I know this will come as a shock to you, but I have a pretty healthy self-regard. I like myself, a lot. Other people? Not nearly so much. Cats? It’s close … but I still win.

That doesn’t mean I’m not well aware of my flaws, and there are many. Many, many flaws. In fact, it’s probably not crazy to say I am more or less 90% flaw at this point. If I was grading myself as a person, I’d give myself a solid C minus. And yet! I am still my own favorite person. I think this is healthy.

The reason this comes up is because one of my many, many flaws is a tendency to get inside my own head and be a walking Bubble.
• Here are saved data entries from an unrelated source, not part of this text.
(* If $mG$ is a finite canonical misinformation game, then the terminal set $\mathcal{T}$ of the Adaptation Procedure on $mG$ is nonempty.
   Context: A normal-form game is $G=\langle N,S,P\rangle$ with finite players $N$, finite pure strategy sets $S_i$, positions $S=\times_i S_i$, payoffs $P_i:S\to\mathbb{R}$. A misinformation game $mG=\langle G^0,G^1,\dots,G^{|N|}\rangle$ consists of the actual game $G^0$ and subjective games $G^i$; it is canonical if all $G^i=\langle N,S,P^i\rangle$ differ from $G^0$ only in payoffs and in every $G^i$ all players have equally many pure strategies. $NME(mG)$ is the set of profiles $\sigma=(\sigma_1,\dots,\sigma_{|N|})$ such that each $\sigma_i$ is player $i$'s component of some Nash equilibrium of $G^i$. $\chi(\sigma)=\mathrm{supp}(\sigma_1)\times\dots\times\mathrm{supp}(\sigma_{|N|})$. For $\vec v\in S$, $mG_{\vec v}$ is obtained by replacing, in every $P^i$ ($i\ge1$), the payoff vector at position $\vec v$ by $P^0(\vec v)$. For a set $M$ of misinformation games, $\mathcal{AD}(M)=\{mG_{\vec u}: mG\in M,\sigma\in NME(mG),\vec u\in\chi(\sigma)\}$, $\mathcal{AD}^{(0)}(M)=M$, $\mathcal{AD}^{(t+1)}(M)=\mathcal{AD}^{(t)}(\mathcal{AD}(M))$, $\mathcal{AD}^*(M)=\bigcup_{t\ge0}\mathcal{AD}^{(t)}(M)$. The terminal set of the Adaptation Procedure on $mG$ is $\mathcal{T}=\{mG'\in\mathcal{AD}^*(\{mG\}): mG'\in\mathcal{AD}(\{mG'\})\}$. *)

theory Defs
  imports Complex_Main "HOL-Library.FuncSet"
begin

(* Players are 0..<n; player i has the finite nonempty pure strategy set S i.
   A position is an element of PiE {..<n} S.
   A payoff function maps a position and a player to a real number. *)

type_synonym 's payoff = "(nat \<Rightarrow> 's) \<Rightarrow> nat \<Rightarrow> real"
This means that I sometimes lose objectivity, because I do things a certain way and I’m the only one aware of it, so there’s no pushback. There’s no one there to tell me I’m full of shit.

Which is fine if it’s just me, wearing an old school backpack as underwear and generally living like an animal, as one does. The problem comes when this sort of Bubble Thinking makes its way into your writing, because the worst time to discover you have some very strange blind spots is immediately after you’ve pressed PUBLISH on a story or novel.

AAYAAJ

Here’s the rule: Always Ask Yourself ‘Am I a Jackass?’

Look, we all get some strange ideas, habits, and attitudes. Normally, social interaction will correct these over time. You go out with other human beings and pick your nose at the dinner table, someone will gently correct you. If you go out on a date with someone and tell them that you believe the world is flat and secretly ruled by the Moon Men, they will probably correct you. Or back away slowly while dialing 9-1-1, but either way you at least get the general sense you’ve fucked up, and over a long enough timeline this should lead to introspection and adjustment.

But sometimes we manage to smuggle some serious weird shit into our writing, and if we never question it, it’s gonna get published that way. And you may not even be aware of your odd attitude towards women, or ethnicities, or economics. That is, until you publish a book filled with pervy male-gaze bullshit or elaborate justifications for racism or secret Moon Men conspiracy theories presented as fact, and that correction comes far too late.

This isn’t an endorsement of censorship, self- or otherwise. But when you’re working in the silence of your own brain, it’s easy to sometimes to lose objectivity and believe some seriously Moon Man-esque stuff. The challenge is that when you are your only audience for ideas, it seems like it all makes sense — until you unleash those views and crash into reality.

I read a lot of books. Some for pleasure, some for work. I get sent a ton of ARCs and galleys and such. And I can’t tell you how often a writer — usually, though not always, self-published, because when you self-publish you sometimes lack the people who are being paid by someone other than yourself who will be happy to tell you how full of shit you are — will drop a nuclear bomb of insanity in the midst of their story, and do so casually because they assume everyone shares their serene opinions, or their way of describing women, or their theories on proper behavior. A single conversation with another human being might have demonstrated how wrong they were, and saved us all a lot of trouble.

Now if you’ll excuse me, I have to finish my story about how everyone is mean to middle-aged white writers because we are universally awesome.

2 Comments

  1. Kent Bunn

    Speaking of the insanity in people’s heads, have you ever read Conspiracies, by F. Paul Wilson? The convention scene in that book is aaaaaaaaaaamazing.

  2. jsomers (Post author)

    I haven’t! But now it’s on the TBR list. ETA on drilling down through all the other books to it: Approximately 5 years.